## Activity
How many lines of the data contain the string "bool"? Write the number and nothing more.

Stored data:
################

(* Let $n\geq 3$ and let $o_1,o_2$ be two non-parallel $\mathcal{O}_n$-directions. Write $o_1=\alpha+\beta\zeta_n$ and $o_2=\gamma+\delta\zeta_n$ with $\alpha,\beta,\gamma,\delta\in\mathbb{Z}[\zeta_n+\bar\zeta_n]$. Let $G_{\{o_1,o_2\}}=\bigcap_{i=1}^2\bigcup_{t\in\mathcal{O}_n}(t+\mathbb{R}o_i)$ be the complete grid and let $M_{\{o_1,o_2\}}=\operatorname{lin}_{\mathbb{Z}[\zeta_n+\bar\zeta_n]}\left(\left\{\frac{1}{\alpha\delta-\beta\gamma}o_1,\frac{1}{\alpha\delta-\beta\gamma}o_2\right\}\right)$. Then $\mathcal{O}_n\subset G_{\{o_1,o_2\}}\subset\mathbb{C}$ and $G_{\{o_1,o_2\}}\subset M_{\{o_1,o_2\}}$.
   Context: $\zeta_n$ is a primitive $n$th root of unity in $\mathbb{C}\cong\mathbb{R}^2$, $\bar\zeta_n$ its complex conjugate, $\mathcal{O}_n=\mathbb{Z}[\zeta_n]$. An $\mathcal{O}_n$-direction is an element of $\mathcal{O}_n\setminus\{0\}$. Every element of $\mathcal{O}_n$ can be written uniquely as $\varphi+\psi\zeta_n$ with $\varphi,\psi\in\mathbb{Z}[\zeta_n+\bar\zeta_n]$, so $\alpha,\beta,\gamma,\delta$ are uniquely determined, and $\alpha\delta-\beta\gamma\neq0$ since $o_1,o_2$ are non-parallel. $\operatorname{lin}_R(S)$ denotes the set of $R$-linear combinations of elements of $S$. *)

theory Defs
  imports Complex_Main
begin

definition primitive_root_of_unity :: "nat \<Rightarrow> complex \<Rightarrow> bool" where
  "primitive_root_of_unity n z \<longleftrightarrow> z ^ n = 1 \<and> (\<forall>k. 0 < k \<and> k < n \<longrightarrow> z ^ k \<noteq> 1)"

definition zring :: "complex \<Rightarrow> complex set" where
  "zring x = {(\<Sum>i\<le>N. of_int (c i) * x ^ i) | (c :: nat \<Rightarrow> int) N. True}"

abbreviation cyc_ring :: "complex \<Rightarrow> complex set" where
  "cyc_ring \<zeta> \<equiv> zring \<zeta>"

abbreviation real_cyc_ring :: "complex \<Rightarrow> complex set" where
  "real_cyc_ring \<zeta> \<equiv> zring (\<zeta> + cnj \<zeta>)"

definition direction :: "complex \<Rightarrow> complex \<Rightarrow> bool" where
  "direction \<zeta> u \<longleftrightarrow> u \<in> cyc_ring \<zeta> \<and> u \<noteq> 0"

definition parallel :: "complex \<Rightarrow> complex \<Rightarrow> bool" where
  "parallel u v \<longleftrightarrow> (\<exists>r::real. u = of_real r * v \<or> v = of_real r * u)"

definition complete_grid :: "complex \<Rightarrow> complex set \<Rightarrow> complex set" where
  "complete_grid \<zeta> D = (\<Inter>d\<in>D. \<Union>t\<in>cyc_ring \<zeta>. {t + of_real r * d | r::real. True})"

definition lin_over :: "complex set \<Rightarrow> complex set \<Rightarrow> complex set" where
  "lin_over R S = {(\<Sum>s\<in>F. a s * s) | F a. finite F \<and> F \<subseteq> S \<and> (\<forall>s\<in>F. a s \<in> R)}"

end

theory Submission
  imports Defs "HOL-Computational_Algebra.Polynomial"
begin

text \<open>
  Since \<open>\<zeta>\<close> lies on the unit circle, \<open>\<zeta>\<^sup>2 = s\<zeta> - 1\<close> with \<open>s = \<zeta> + cnj \<zeta>\<close> real, so every
  element of \<open>\<int>[\<zeta>]\<close> is \<open>a + b\<zeta>\<close> with \<open>a, b \<in> \<int>[s] \<subseteq> \<real>\<close>, and these coordinates are unique
  because \<open>\<zeta>\<close> is not real. A grid point is \<open>z = t\<^sub>1 + r\<^sub>1o\<^sub>1 = t\<^sub>2 + r\<^sub>2o\<^sub>2\<close>; comparing
  coordinates in \<open>t\<^sub>1 - t\<^sub>2 = r\<^sub>2o\<^sub>2 - r\<^sub>1o\<^sub>1\<close> gives a linear system for \<open>r\<^sub>1, r\<^sub>2\<close> with
  determinant \<open>D = \<alpha>\<delta> - \<beta>\<gamma>\<close>, so Cramer's rule puts \<open>r\<^sub>1D\<close> in \<open>\<int>[s]\<close>. Together with
  \<open>D(a + b\<zeta>) = (a\<delta> - b\<gamma>)o\<^sub>1 + (b\<alpha> - a\<beta>)o\<^sub>2\<close> this writes \<open>Dz\<close> as a \<open>\<int>[s]\<close>-combination
  of \<open>o\<^sub>1\<close> and \<open>o\<^sub>2\<close>.
\<close>

lemma zring_eq_poly: "zring x = {poly p x | p. \<forall>i. coeff p i \<in> \<int>}"
proof (intro equalityI subsetI)
  fix z assume "z \<in> zring x"
  then obtain c N where z: "z = (\<Sum>i\<le>N. of_int (c i) * x ^ i)" unfolding zring_def by blast
  define p :: "complex poly" where "p = (\<Sum>i\<le>N. monom (of_int (c i)) i)"
  have "poly p x = z" by (simp add: p_def z poly_sum poly_monom)
  moreover have "coeff p j \<in> \<int>" for j by (simp add: p_def coeff_sum coeff_monom)
  ultimately show "z \<in> {poly p x | p. \<forall>i. coeff p i \<in> \<int>}" by blast
next
  fix z assume "z \<in> {poly p x | p. \<forall>i. coeff p i \<in> \<int>}"
  then obtain p where z: "z = poly p x" and "\<forall>i. coeff p i \<in> \<int>" by blast
  then have "\<forall>i. \<exists>k. coeff p i = of_int k" by (auto elim: Ints_cases)
  then obtain c where "\<And>i. coeff p i = of_int (c i)" by metis
  then show "z \<in> zring x" unfolding zring_def z poly_altdef by auto
qed

lemma zring_add: "u \<in> zring x \<Longrightarrow> v \<in> zring x \<Longrightarrow> u + v \<in> zring x"
  unfolding zring_eq_poly by (clarify, rename_tac p q, rule_tac x = "p + q" in exI) simp

lemma zring_diff: "u \<in> zring x \<Longrightarrow> v \<in> zring x \<Longrightarrow> u - v \<in> zring x"
  unfolding zring_eq_poly by (clarify, rename_tac p q, rule_tac x = "p - q" in exI) simp

lemma zring_mult: "u \<in> zring x \<Longrightarrow> v \<in> zring x \<Longrightarrow> u * v \<in> zring x"
  unfolding zring_eq_poly
  by (clarify, rename_tac p q, rule_tac x = "p * q" in exI) (simp add: coeff_mult Ints_sum Ints_mult)

lemma zring_Ints: "a \<in> \<int> \<Longrightarrow> a \<in> zring x"
  unfolding zring_eq_poly by (force intro!: exI[of _ "[:a:]"] simp: coeff_pCons split: nat.split)

lemma zring_generator: "x \<in> zring x"
  unfolding zring_eq_poly by (force intro!: exI[of _ "[:0, 1:]"] simp: coeff_pCons split: nat.split)

lemma zring_subset_Reals: "x \<in> \<real> \<Longrightarrow> zring x \<subseteq> \<real>"
  unfolding zring_def by auto

lemma zring_subset_if_quadratic:
  fixes x s :: complex
  assumes "x\<^sup>2 = s * x - 1"
  shows "zring x \<subseteq> {a + b * x | a b. a \<in> zring s \<and> b \<in> zring s}"
proof -
  have "poly p x \<in> {a + b * x | a b. a \<in> zring s \<and> b \<in> zring s}" if "\<forall>i. coeff p i \<in> \<int>" for p
    using that
  proof (induction p)
    case 0
    have "poly 0 x = 0 + 0 * x" by simp
    then show ?case using zring_Ints[OF Ints_0] by blast
  next
    case (pCons c p)
    have "c \<in> \<int>" using pCons.prems[rule_format, of 0] by simp
    have "coeff p i \<in> \<int>" for i using pCons.prems[rule_format, of "Suc i"] by simp
    then obtain a b where ab: "poly p x = a + b * x" "a \<in> zring s" "b \<in> zring s"
      using pCons.IH by blast
    have "poly (pCons c p) x = c + a * x + b * x\<^sup>2"
      by (simp add: ab(1) algebra_simps power2_eq_square)
    also have "\<dots> = (c - b) + (a + b * s) * x"
      by (simp add: assms algebra_simps)
    finally have "poly (pCons c p) x = (c - b) + (a + b * s) * x" .
    moreover have "c - b \<in> zring s" "a + b * s \<in> zring s"
      using \<open>c \<in> \<int>\<close> ab(2,3) by (simp_all add: zring_diff zring_add zring_mult zring_Ints zring_generator)
    ultimately show ?case by blast
  qed
  then show ?thesis unfolding zring_eq_poly by blast
qed

lemma unit_circle_square_eq:
  fixes z :: complex
  assumes "norm z = 1"
  shows "z\<^sup>2 = (z + cnj z) * z - 1"
proof -
  have "z * cnj z = 1" using complex_norm_square[of z] assms by simp
  then show ?thesis by (simp add: algebra_simps power2_eq_square)
qed

lemma add_cnj_Reals: "z + cnj z \<in> \<real>"
  by (simp add: complex_add_cnj)

lemma real_cyc_ring_subset_Reals: "real_cyc_ring \<zeta> \<subseteq> \<real>"
  using zring_subset_Reals[OF add_cnj_Reals] .

lemma real_coordinates_unique:
  fixes z a b c d :: complex
  assumes "z \<notin> \<real>" "a \<in> \<real>" "b \<in> \<real>" "c \<in> \<real>" "d \<in> \<real>"
    and "a + b * z = c + d * z"
  shows "a = c \<and> b = d"
proof (cases "b = d")
  case False
  then have "z = (c - a) / (b - d)" using assms(6) by (simp add: field_simps)
  then show ?thesis using assms(1-5) by simp
qed (use assms(6) in simp)

lemma not_parallel_imp_det_nonzero:
  fixes z \<alpha> \<beta> \<gamma> \<delta> :: complex
  assumes "\<alpha> \<in> \<real>" "\<beta> \<in> \<real>" "\<gamma> \<in> \<real>" "\<delta> \<in> \<real>"
    and "\<not> parallel (\<alpha> + \<beta> * z) (\<gamma> + \<delta> * z)"
  shows "\<alpha> * \<delta> - \<beta> * \<gamma> \<noteq> 0"
proof
  assume det: "\<alpha> * \<delta> - \<beta> * \<gamma> = 0"
  have not_multiple: "\<gamma> + \<delta> * z \<noteq> c * (\<alpha> + \<beta> * z)" if "c \<in> \<real>" for c
    using that assms(5) unfolding parallel_def by (metis Reals_cases)
  consider "\<beta> \<noteq> 0" | "\<alpha> \<noteq> 0" | "\<alpha> = 0" "\<beta> = 0" by blast
  then show False
  proof cases
    case 1
    have "\<beta> * (\<gamma> + \<delta> * z) = \<delta> * (\<alpha> + \<beta> * z)" using det by (simp add: algebra_simps)
    then show False using 1 not_multiple[of "\<delta> / \<beta>"] assms(2,4) by (simp add: field_simps)
  next
    case 2
    have "\<alpha> * (\<gamma> + \<delta> * z) = \<gamma> * (\<alpha> + \<beta> * z)" using det by (simp add: algebra_simps)
    then show False using 2 not_multiple[of "\<gamma> / \<alpha>"] assms(1,3) by (simp add: field_simps)
  next
    case 3
    then show False using assms(5) unfolding parallel_def by (metis add_0 mult_zero_left of_real_0)
  qed
qed

lemma det_mult_eq_combination:
  fixes \<alpha> \<beta> \<gamma> \<delta> a b z :: "'a::comm_ring"
  shows "(\<alpha> * \<delta> - \<beta> * \<gamma>) * (a + b * z) = (a * \<delta> - b * \<gamma>) * (\<alpha> + \<beta> * z) + (b * \<alpha> - a * \<beta>) * (\<gamma> + \<delta> * z)"
  by (simp add: algebra_simps)

lemma lin_over_pairI:
  assumes "u \<noteq> v" "a \<in> R" "b \<in> R"
  shows "a * u + b * v \<in> lin_over R {u, v}"
  unfolding lin_over_def
  by (rule CollectI, rule exI[of _ "{u, v}"], rule exI[of _ "\<lambda>w. if w = u then a else b"])
    (use assms in auto)

lemma cyc_ring_subset_complete_grid: "cyc_ring \<zeta> \<subseteq> complete_grid \<zeta> D"
  unfolding complete_grid_def by (force intro: exI[of _ "0::real"])

lemma complete_grid_det_mult:
  fixes \<zeta> o\<^sub>1 o\<^sub>2 \<alpha> \<beta> \<gamma> \<delta> :: complex
  assumes "norm \<zeta> = 1" "\<zeta> \<notin> \<real>"
    and "\<alpha> \<in> real_cyc_ring \<zeta>" "\<beta> \<in> real_cyc_ring \<zeta>"
    and "\<gamma> \<in> real_cyc_ring \<zeta>" "\<delta> \<in> real_cyc_ring \<zeta>"
    and o\<^sub>1: "o\<^sub>1 = \<alpha> + \<beta> * \<zeta>" and o\<^sub>2: "o\<^sub>2 = \<gamma> + \<delta> * \<zeta>"
    and "z \<in> complete_grid \<zeta> {o\<^sub>1, o\<^sub>2}"
  obtains t c where "t \<in> cyc_ring \<zeta>" "c \<in> real_cyc_ring \<zeta>"
    and "(\<alpha> * \<delta> - \<beta> * \<gamma>) * z = (\<alpha> * \<delta> - \<beta> * \<gamma>) * t + c * o\<^sub>1"
proof -
  define D where "D = \<alpha> * \<delta> - \<beta> * \<gamma>"
  let ?R = "real_cyc_ring \<zeta>"
  have "z \<in> (\<Union>t\<in>cyc_ring \<zeta>. {t + of_real r * o\<^sub>1 | r. True})"
    and "z \<in> (\<Union>t\<in>cyc_ring \<zeta>. {t + of_real r * o\<^sub>2 | r. True})"
    using assms(9) unfolding complete_grid_def by auto
  then obtain t\<^sub>1 t\<^sub>2 and r\<^sub>1 r\<^sub>2 :: real where t: "t\<^sub>1 \<in> cyc_ring \<zeta>" "t\<^sub>2 \<in> cyc_ring \<zeta>"
    and z: "z = t\<^sub>1 + r\<^sub>1 * o\<^sub>1" "z = t\<^sub>2 + r\<^sub>2 * o\<^sub>2"
    by blast
  obtain \<phi> \<psi> where \<phi>\<psi>: "t\<^sub>1 - t\<^sub>2 = \<phi> + \<psi> * \<zeta>" "\<phi> \<in> ?R" "\<psi> \<in> ?R"
    using zring_subset_if_quadratic[OF unit_circle_square_eq[OF assms(1)]] zring_diff[OF t] by blast
  have "\<phi> + \<psi> * \<zeta> = (r\<^sub>2 * \<gamma> - r\<^sub>1 * \<alpha>) + (r\<^sub>2 * \<delta> - r\<^sub>1 * \<beta>) * \<zeta>"
    using z \<phi>\<psi>(1) unfolding o\<^sub>1 o\<^sub>2 by (simp add: algebra_simps)
  moreover have "r\<^sub>2 * \<gamma> - r\<^sub>1 * \<alpha> \<in> \<real>" "r\<^sub>2 * \<delta> - r\<^sub>1 * \<beta> \<in> \<real>"
    using assms(3-6) real_cyc_ring_subset_Reals by (auto intro!: Reals_diff Reals_mult)
  ultimately have \<phi>: "\<phi> = r\<^sub>2 * \<gamma> - r\<^sub>1 * \<alpha>" and \<psi>: "\<psi> = r\<^sub>2 * \<delta> - r\<^sub>1 * \<beta>"
    using real_coordinates_unique[OF assms(2)] \<phi>\<psi>(2,3) real_cyc_ring_subset_Reals by blast+
  have r\<^sub>1: "r\<^sub>1 * D = \<gamma> * \<psi> - \<delta> * \<phi>" unfolding D_def \<phi> \<psi> by (simp add: algebra_simps)
  have "D * z = D * t\<^sub>1 + (r\<^sub>1 * D) * o\<^sub>1" unfolding z(1) by (simp add: algebra_simps)
  also have "\<dots> = D * t\<^sub>1 + (\<gamma> * \<psi> - \<delta> * \<phi>) * o\<^sub>1" unfolding r\<^sub>1 ..
  finally have "D * z = D * t\<^sub>1 + (\<gamma> * \<psi> - \<delta> * \<phi>) * o\<^sub>1" .
  moreover have "\<gamma> * \<psi> - \<delta> * \<phi> \<in> ?R"
    using assms(5,6) \<phi>\<psi>(2,3) by (simp add: zring_diff zring_mult)
  ultimately show thesis using that t(1) unfolding D_def by blast
qed
lemma zero_run_append_zerosD:
  assumes u: "u = [] \<or> last u \<noteq> 0" and "0 < m"
    and run: "zero_run (u @ replicate m 0) i j" (is "zero_run ?w i j")
  shows "zero_run u i j \<or> (i = length u \<and> j = length u + m)"
proof -
  have ij: "i < j" "j \<le> length u + m" using run by (auto simp: zero_run_def)
  have maximal: "j = length u + m \<or> ?w ! j \<noteq> 0"
    using run by (simp add: zero_run_def)
  show ?thesis
  proof (cases "j \<le> length u")
    case True
    with maximal \<open>0 < m\<close> have "j < length u"
      by (cases "j = length u") (auto simp: nth_append)
    with run have "zero_run u i j"
      unfolding zero_run_def by (auto simp: nth_append split: if_splits)
    then show ?thesis ..
  next
    case False
    have "i \<ge> length u"
    proof (rule ccontr)
      assume "\<not> i \<ge> length u"
      then have "u \<noteq> []" and "?w ! (length u - 1) = 0"
        using False zero_run_nth[OF run] by auto
      with u show False by (simp add: nth_append last_conv_nth)
    qed
    moreover have "i \<le> length u"
    proof (rule ccontr)
      assume "\<not> i \<le> length u"
      then have "?w ! (i - 1) = 0" using ij by (auto simp: nth_append)
      with run \<open>\<not> i \<le> length u\<close> show False by (simp add: zero_run_def)
    qed
    ultimately show ?thesis
      using False ij maximal by (auto simp: nth_append)
  qed
qed

lemma zero_run_append_zeros:
  assumes u: "u = [] \<or> last u \<noteq> 0"
  shows "zero_run (u @ replicate m 0) i j \<longleftrightarrow>
    zero_run u i j \<or> (0 < m \<and> i = length u \<and> j = length u + m)"
proof (cases "m = 0")
  case False
  show ?thesis
  proof
    assume "zero_run (u @ replicate m 0) i j"
    with u False show "zero_run u i j \<or> (0 < m \<and> i = length u \<and> j = length u + m)"
      using zero_run_append_zerosD by blast
  next
    assume "zero_run u i j \<or> (0 < m \<and> i = length u \<and> j = length u + m)"
    then show "zero_run (u @ replicate m 0) i j"
    proof
      assume run: "zero_run u i j"
      then have "j < length u"
        using not_zero_run_at_end[OF u] by (fastforce simp: zero_run_def le_less)
      with run show ?thesis unfolding zero_run_def by (auto simp: nth_append)
    next
      assume "0 < m \<and> i = length u \<and> j = length u + m"
      with u show ?thesis
        unfolding zero_run_def by (cases u rule: rev_cases) (auto simp: nth_append)
    qed
  qed
qed simp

################

## The answer
3